Customer: Hey I ordered a dozen bagels and you gave me thirteen.

Very Stubborn Baker: No that was on purpose.

@ThugRaccoons

Farmer: You’d like to exchange nutrient rich manure for my agricultural expertise?

Me: Yes. Shit for brains, if you will. Lol.

@HeyZeus666

I finally found a simple and easy way to deal with my weight problem.

I threw my scale out.

@Reverend_Scott

Kylo Ren was more powerful with his helmet on.

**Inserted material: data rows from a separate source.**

(* Weights: W j r for j \<in> {1,-1} (encoded as a real) and neuron index r \<in> {0..<m}
   (the paper's [m], re-indexed from 0). *)
type_synonym 'd weights = "real \<Rightarrow> nat \<Rightarrow> real ^ 'd"

(* F_j(x;W) for the input x = (p, q) with p = y u, q = y v. *)
definition netF :: "nat \<Rightarrow> 'd weights \<Rightarrow> real \<Rightarrow> real^'d \<Rightarrow> real^'d \<Rightarrow> real" where
  "netF m W j p q = (1 / real m) * (\<Sum>r<m. act (W j r \<bullet> p) + act (W j r \<bullet> q))"

definition netf :: "nat \<Rightarrow> 'd weights \<Rightarrow> real^'d \<Rightarrow> real^'d \<Rightarrow> real" where
  "netf m W p q = netF m W 1 p q - netF m W (-1) p q"

(* One gradient-descent step on L(W) = (f(x;W) - y)^2 / 2 with x = (y u, y v). *)
definition gd_step :: "nat \<Rightarrow> real \<Rightarrow> real \<Rightarrow> real^'d \<Rightarrow> real^'d \<Rightarrow> 'd weights \<Rightarrow> 'd weights" where
  "gd_step m \<eta> y u v W = (\<lambda>j r. W j r - ((\<eta> * j / real m) * (netf m W (y *\<^sub>R u) (y *\<^sub>R v) - y)) *\<^sub>R
        (act' (W j r \<bullet> (y *\<^sub>R u)) *\<^sub>R (y *\<^sub>R u) + act' (W j r \<bullet> (y *\<^sub>R v)) *\<^sub>R (y *\<^sub>R v)))"

definition traj :: "nat \<Rightarrow> real \<Rightarrow> real \<Rightarrow> real^'d \<Rightarrow> real^'d \<Rightarrow> 'd weights \<Rightarrow> nat \<Rightarrow> 'd weights" where
  "traj m \<eta> y u v W0 t = ((gd_step m \<eta> y u v) ^^ t) W0"

(* Neuron set {r \<in> [m] : <w_{j,r}, j a> > 0}; with a = u gives U_{j,+}, with a = v gives V_{j,+}.
   The "-" sets are the complements in [m]. *)
definition posset :: "nat \<Rightarrow> 'd weights \<Rightarrow> real \<Rightarrow> real^'d \<Rightarrow> nat set" where
  "posset m W j a = {r. r < m \<and> W j r \<bullet> (j *\<^sub>R a) > 0}"

definition negset :: "nat \<Rightarrow> 'd weights \<Rightarrow> real \<Rightarrow> real^'d \<Rightarrow> nat set" where
  "negset m W j a = {..<m} - posset m W j a"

With it off, he had to use a majority of his power to maintain his hair’s body and bounce.

@Mr_Kapowski

[magician rolls over in bed]
“Last night was amazing”

Woman: Magical. Make me breakfast?

Magician: [waves magic wand, eats her]

@Nocturnesthesia

Went for a handshake and got snubbed. So I turned it into an impromptu Macarena dance, since I didn’t wanna look stupid

@Robski_Boy

I still get my ‘drive-throughs’ & ‘drive-bys’ mixed up. Which is the one where I have to take a gun?

@TrendsZim

Zimbabweans have dismissed Mugabe rumour saying
“Mugabe cannot have a heart attack. He doesnt have a heart.”